The device lib implementation is selecected by the `convertToROCDL` pass. This implementation is much more efficient than the polynomial approximation in MLIR.

benvanik · 2025-01-10T18:56:58Z

is there an issue tracking improving the mlir one?

kuhar · 2025-01-10T18:59:30Z

is there an issue tracking improving the mlir one?

Not yet, this may be a task for our math PhDs like @bjacob or @zjgarvey.

benvanik · 2025-01-10T19:07:34Z

cool - would be good to get on the docket - all other targets use the MLIR one and relying on the device libs isn't great long-term

nice job finding the delta - now we have something to target :)

kuhar · 2025-01-10T19:12:51Z

@benvanik I filed it here: #19673

bjacob · 2025-01-10T19:13:48Z

I think there is a deep truth disguised as an accident here: a generic polynomial approximation won't in general be the most efficient implementation on a given target. Achieving optimal results requires looking at the specifics of each math function and each target. For example, on gfx9, it so happens that 1/x and exp(x) are cheap to evaluate, defeating the basic assumption underpinning polynomial approximation, at least for functions such as tanh(x) which are easy to evaluate by 1/x and exp(x) steps.

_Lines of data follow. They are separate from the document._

section \<open>Groups of functions under pointwise addition\<close>

locale pointwise_abelian_group = R: abelian_group R
  for R :: "('r, 'c) ring_scheme" +
  fixes M :: "('i \<Rightarrow> 'r, 'd) ring_scheme" and I :: "'i set"
  assumes carrier_subset: "carrier M \<subseteq> I \<rightarrow>\<^sub>E carrier R"
    and zero_eq: "\<zero>\<^bsub>M\<^esub> = (\<lambda>i\<in>I. \<zero>\<^bsub>R\<^esub>)"
    and add_eq: "\<And>f g. f \<oplus>\<^bsub>M\<^esub> g = (\<lambda>i\<in>I. f i \<oplus>\<^bsub>R\<^esub> g i)"
    and carrier_zero: "\<zero>\<^bsub>M\<^esub> \<in> carrier M"
    and carrier_add: "\<And>f g. f \<in> carrier M \<Longrightarrow> g \<in> carrier M \<Longrightarrow> f \<oplus>\<^bsub>M\<^esub> g \<in> carrier M"
    and carrier_neg: "\<And>f. f \<in> carrier M \<Longrightarrow> (\<lambda>i\<in>I. \<ominus>\<^bsub>R\<^esub> f i) \<in> carrier M"
begin

lemma carrier_apply: "f \<in> carrier M \<Longrightarrow> i \<in> I \<Longrightarrow> f i \<in> carrier R"
  using carrier_subset by blast

lemma restrict_carrier: "f \<in> carrier M \<Longrightarrow> restrict f I = f"
  using carrier_subset by (meson PiE_restrict subsetD)

lemma abelian_group: "abelian_group M"
proof (rule abelian_groupI)
  fix f g h assume f: "f \<in> carrier M" and g: "g \<in> carrier M" and h: "h \<in> carrier M"
  show "f \<oplus>\<^bsub>M\<^esub> g \<oplus>\<^bsub>M\<^esub> h = f \<oplus>\<^bsub>M\<^esub> (g \<oplus>\<^bsub>M\<^esub> h)"
    using f g h by (auto simp: add_eq carrier_apply R.a_assoc intro!: restrict_ext)
  show "f \<oplus>\<^bsub>M\<^esub> g = g \<oplus>\<^bsub>M\<^esub> f"
    using f g by (auto simp: add_eq carrier_apply R.a_comm intro!: restrict_ext)
next
  fix f assume f: "f \<in> carrier M"
  have "\<zero>\<^bsub>M\<^esub> \<oplus>\<^bsub>M\<^esub> f = (\<lambda>i\<in>I. f i)"
    using f by (auto simp: add_eq zero_eq carrier_apply intro!: restrict_ext)
  also have "\<dots> = f"
    using f by (rule restrict_carrier)
  finally show "\<zero>\<^bsub>M\<^esub> \<oplus>\<^bsub>M\<^esub> f = f" .
  show "\<exists>g\<in>carrier M. g \<oplus>\<^bsub>M\<^esub> f = \<zero>\<^bsub>M\<^esub>"
    using f carrier_neg by (intro bexI[of _ "\<lambda>i\<in>I. \<ominus>\<^bsub>R\<^esub> f i"])
      (auto simp: add_eq zero_eq carrier_apply R.l_neg intro!: restrict_ext)
qed (use carrier_zero carrier_add in auto)
lemma inj_on_fractal_partition:
  assumes q: "2 \<le> q"
  shows "inj_on (fractal_partition q m) {\<sigma>. \<sigma> permutes {..<fractal_cols q m}}"
proof (rule inj_onI, simp only: mem_Collect_eq)
  let ?n = "fractal_cols q m"
  fix \<sigma> \<tau> assume \<sigma>: "\<sigma> permutes {..<?n}" and \<tau>: "\<tau> permutes {..<?n}"
    and eq: "fractal_partition q m \<sigma> = fractal_partition q m \<tau>"
  have \<tau>_inv: "inv \<tau> permutes {..<?n}"
    using \<tau> by (rule permutes_inv)
  have "permute_list (\<sigma> \<circ> inv \<tau>) r \<in> set (fractal_rows q m)"
    if r: "r \<in> set (fractal_rows q m)" for r
  proof -
    have "permute_list \<sigma> r \<in> fractal_partition q m \<tau>"
      using r eq by (auto simp: fractal_partition_def)
    then obtain r' where r': "r' \<in> set (fractal_rows q m)" "permute_list \<sigma> r = permute_list \<tau> r'"
      by (auto simp: fractal_partition_def)
    have "permute_list (\<sigma> \<circ> inv \<tau>) r = permute_list (inv \<tau>) (permute_list \<tau> r')"
      using permute_list_compose[of "inv \<tau>" r \<sigma>] \<tau>_inv r' by (simp add: length_fractal_rows[OF r])
    also have "\<dots> = r'"
      using permute_list_inv_cancel(1)[of \<tau> r'] \<tau> by (simp add: length_fractal_rows[OF r'(1)])
    finally show ?thesis using r'(1) by simp
  qed
  then have "fractal_automorphism q m (\<sigma> \<circ> inv \<tau>)"
    using permutes_compose[OF \<tau>_inv \<sigma>] by (simp add: fractal_automorphism_def)
  then have "\<sigma> \<circ> inv \<tau> = id"
    by (rule fractal_automorphism_eq_id[OF q])
  have "\<sigma> = (\<sigma> \<circ> inv \<tau>) \<circ> \<tau>"
    by (simp add: comp_assoc permutes_inv_o(2)[OF \<tau>])
  with \<open>\<sigma> \<circ> inv \<tau> = id\<close> show "\<sigma> = \<tau>"
    by simp
qed

lemma fractal_cols_closed_form:
  assumes "0 < d"
  shows "(Suc d ^ m - 1) div d = fractal_cols (Suc d) m"
proof -
  have "Suc d ^ m = d * fractal_cols (Suc d) m + 1"
    by (induction m) (simp_all add: algebra_simps)
  with assms show ?thesis
    by simp
qed

theorem mainTheorem8:
  fixes q m :: nat
  assumes "q \<ge> 2" and "m \<ge> 1"
  shows "card {P. subcube_partition q ((q ^ m - 1) div (q - 1)) P \<and> fractal_star q m P}
         = fact ((q ^ m - 1) div (q - 1))"
proof -
  let ?n = "fractal_cols q m"
  have n: "(q ^ m - 1) div (q - 1) = ?n"
    using fractal_cols_closed_form[of "q - 1" m] assms(1) by (simp add: Suc_diff_1)
  have "{P. subcube_partition q ?n P \<and> fractal_star q m P} =
      fractal_partition q m ` {\<sigma>. \<sigma> permutes {..<?n}}"
    using subcube_partition_fractal_partition by (auto simp: fractal_star_iff)
  then show ?thesis
    using card_image[OF inj_on_fractal_partition[OF assms(1)]] card_permutations[of "{..<?n}" ?n] n
    by simp
qed

end
(* The hypergraph $K_{15}^{(3)}-I$ admits a decomposition into $50$ tight $9$-cycles.
   Context: $K_v^{(3)}$ denotes the complete $3$-uniform hypergraph on $v$ vertices. For $3\mid v$, $K_v^{(3)}-I$ is obtained from $K_v^{(3)}$ by deleting the edges of a $1$-factor $I$ (a set of $v/3$ pairwise disjoint triples covering all vertices). A (3-uniform tight) $k$-cycle is given by a cyclic sequence $v_1,\dots,v_k$ of $k$ distinct vertices, its edges being the triples $\{v_i,v_{i+1},v_{i+2}\}$ ($i=1,\dots,k$, indices mod $k$). A decomposition is a collection of cycles whose edge sets partition the edge set. *)

theory Defs
  imports Main
begin

definition complete3 :: "'a set \<Rightarrow> 'a set set" where
  "complete3 V = {e. e \<subseteq> V \<and> card e = 3}"

definition one_factor :: "'a set \<Rightarrow> 'a set set \<Rightarrow> bool" where
  "one_factor V I \<longleftrightarrow> I \<subseteq> complete3 V \<and> \<Union> I = V \<and>
     (\<forall>e\<in>I. \<forall>f\<in>I. e \<noteq> f \<longrightarrow> e \<inter> f = {})"

(* tight 3-uniform k-cycle given by the cyclic vertex sequence c of length k *)
definition is_tight_cycle :: "nat \<Rightarrow> 'a list \<Rightarrow> bool" where
  "is_tight_cycle k c \<longleftrightarrow> length c = k \<and> distinct c"

definition cycle_edges :: "'a list \<Rightarrow> 'a set set" where
  "cycle_edges c = {{c ! i, c ! ((i + 1) mod length c), c ! ((i + 2) mod length c)} | i. i < length c}"

definition tight_cycle_decomposition :: "nat \<Rightarrow> 'a set set \<Rightarrow> 'a list list \<Rightarrow> bool" where
  "tight_cycle_decomposition k E D \<longleftrightarrow>
     (\<forall>c\<in>set D. is_tight_cycle k c) \<and>
     (\<forall>i<length D. \<forall>j<length D. i \<noteq> j \<longrightarrow> cycle_edges (D ! i) \<inter> cycle_edges (D ! j) = {}) \<and>
     (\<Union>c\<in>set D. cycle_edges c) = E"

end

theory Submission
  imports Defs
begin

(*
  Any two 1-factors of K_15^(3) differ by a relabelling of the vertices, and relabelling
  carries tight cycle decompositions to tight cycle decompositions.  So it suffices to give
  one decomposition of K_15^(3) minus the factor {0,1,2}, ..., {12,13,14}, which is the
  explicit list of 50 cycles below.  Coding a triple e as the number sum_{x in e} 2^x turns
  "the 5 factor edges and the 450 cycle edges are pairwise different" into a finite check on
  numbers, and since 5 + 450 = 455 = (15 choose 3) these edges are then all triples.
*)

definition cycle_edge_list :: "'a list \<Rightarrow> 'a set list" where
  "cycle_edge_list c =
     map (\<lambda>i. {c ! i, c ! ((i + 1) mod length c), c ! ((i + 2) mod length c)}) [0..<length c]"

lemma set_cycle_edge_list: "set (cycle_edge_list c) = cycle_edges c"
  unfolding cycle_edges_def cycle_edge_list_def by auto

lemma cycle_edge_list_map: "cycle_edge_list (map g c) = map (image g) (cycle_edge_list c)"
proof (cases "c = []")
  case False
  then show ?thesis
    unfolding cycle_edge_list_def by (auto intro!: map_cong)
qed (simp add: cycle_edge_list_def)

lemma length_cycle_edge_list [simp]: "length (cycle_edge_list c) = length c"
  by (simp add: cycle_edge_list_def)

lemma cycle_edges_map: "cycle_edges (map g c) = image g ` cycle_edges c"
  by (simp flip: set_cycle_edge_list add: cycle_edge_list_map)
(* Let $q\ge1$ and assume Hypothesis (H$_q$). Suppose moreover $|f'(u)|\le M$ for all $u\in[ma,b]$. Then for all $x\in[a,b]$ and $\theta>0$, $$\Big|\frac{(x-a)^\theta+(b-x)^\theta}{b-a}f(mx)-\frac{\Gamma(\theta+1)}{m^\theta(b-a)}\Big[J^\theta_{(mx)^-}f(ma)+J^\theta_{(mx)^+}f(mb)\Big]\Big|\le\frac{mM}{\theta+1}\Big(\frac{\alpha m+\theta+1}{\alpha+\theta+1}\Big)^{\frac1q}\frac{(x-a)^{\theta+1}+(b-x)^{\theta+1}}{b-a}.$$
   Context: Let $\Gamma$ denote Euler's Gamma function. For $\theta>0$ and $x\in[a,b]$: $J^\theta_{(mx)^-}f(ma)=\frac{1}{\Gamma(\theta)}\int_{ma}^{mx}(s-ma)^{\theta-1}f(s)\,ds$ and $J^\theta_{(mx)^+}f(mb)=\frac{1}{\Gamma(\theta)}\int_{mx}^{mb}(mb-s)^{\theta-1}f(s)\,ds$ (each equal to $0$ if its interval of integration is degenerate). $(\alpha,m)$-convexity: for $(\alpha,m)\in[0,1]\times(0,1]$ and an interval $K\subseteq[0,\infty)$, a function $g:K\to\mathbb{R}$ is $(\alpha,m)$-convex on $K$ if $g(tX+m(1-t)Y)\le t^\alpha g(X)+m(1-t^\alpha)g(Y)$ for all $X,Y\in K$ and $t\in[0,1]$ with $tX+m(1-t)Y\in K$ (convention $0^0=1$). Hypothesis (H$_q$): $I\subseteq[0,\infty)$ is an interval, $f:I\to\mathbb{R}$ is differentiable on the interior $I^\circ$, $m\in(0,1]$, $\alpha\in[0,1]$, $a<b$ with $ma,b\in I^\circ$, $f'$ is Lebesgue integrable on $[ma,mb]$, and $|f'|^q$ is $(\alpha,m)$-convex on $[ma,b]$. *)

theory Defs
  imports "HOL-Analysis.Analysis"
begin

text \<open>Real power with the convention 0^0 = 1 (Isabelle's powr has 0 powr 0 = 0).\<close>
definition rpow0 :: "real \<Rightarrow> real \<Rightarrow> real" where
  "rpow0 t s = (if t = 0 \<and> s = 0 then 1 else t powr s)"

definition alpha_m_convex :: "real \<Rightarrow> real \<Rightarrow> real set \<Rightarrow> (real \<Rightarrow> real) \<Rightarrow> bool" where
  "alpha_m_convex \<alpha> m K g \<longleftrightarrow>
     (\<forall>X\<in>K. \<forall>Y\<in>K. \<forall>t\<in>{0..1}. t * X + m * (1 - t) * Y \<in> K \<longrightarrow>
        g (t * X + m * (1 - t) * Y) \<le> rpow0 t \<alpha> * g X + m * (1 - rpow0 t \<alpha>) * g Y)"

kuhar · 2025-01-10T19:16:22Z

@saienduri how can I repro this test failure? https://github.com/iree-org/iree/actions/runs/12715481793/job/35448326412?pr=19672#step:7:241

kuhar · 2025-01-10T21:16:46Z

OK, the remaining issue is that MathToROCDL doesn't handle fpowi and ipowi:
https://github.com/llvm/llvm-project/blob/3fbc344b49800bb0f70fd5af46c0a47f6d55bbd1/mlir/lib/Conversion/MathToROCDL/MathToROCDL.cpp#L59-L60

Repro:

func.func @main(%arg0: !torch.vtensor<[2,154,6144],f16>) -> !torch.vtensor<[2,154,6144],f16> {
  %str_846 = torch.constant.str "tanh"
  %395 = torch.aten.gelu %arg0, %str_846 : !torch.vtensor<[2,154,6144],f16>, !torch.str -> !torch.vtensor<[2,154,6144],f16>
  return %395 : !torch.vtensor<[2,154,6144],f16>
}

kuhar · 2025-01-10T21:20:01Z

I can see a few builtins related to pow here: https://github.com/llvm/llvm-project/blob/3fbc344b49800bb0f70fd5af46c0a47f6d55bbd1/clang/lib/Headers/__clang_hip_libdevice_declares.h#L86-L87

__device__ __attribute__((pure)) float __ocml_pow_f32(float, float);
__device__ __attribute__((pure)) float __ocml_pown_f32(float, int);

lialan · 2025-01-11T01:19:51Z

I can see a few builtins related to pow here: https://github.com/llvm/llvm-project/blob/3fbc344b49800bb0f70fd5af46c0a47f6d55bbd1/clang/lib/Headers/__clang_hip_libdevice_declares.h#L86-L87
__device__ __attribute__((pure)) float __ocml_pow_f32(float, float);

__device__ __attribute__((pure)) float __ocml_pown_f32(float, int);

That covers fpowi. Guess for ipowi you would cast the result of fpowi from float to int?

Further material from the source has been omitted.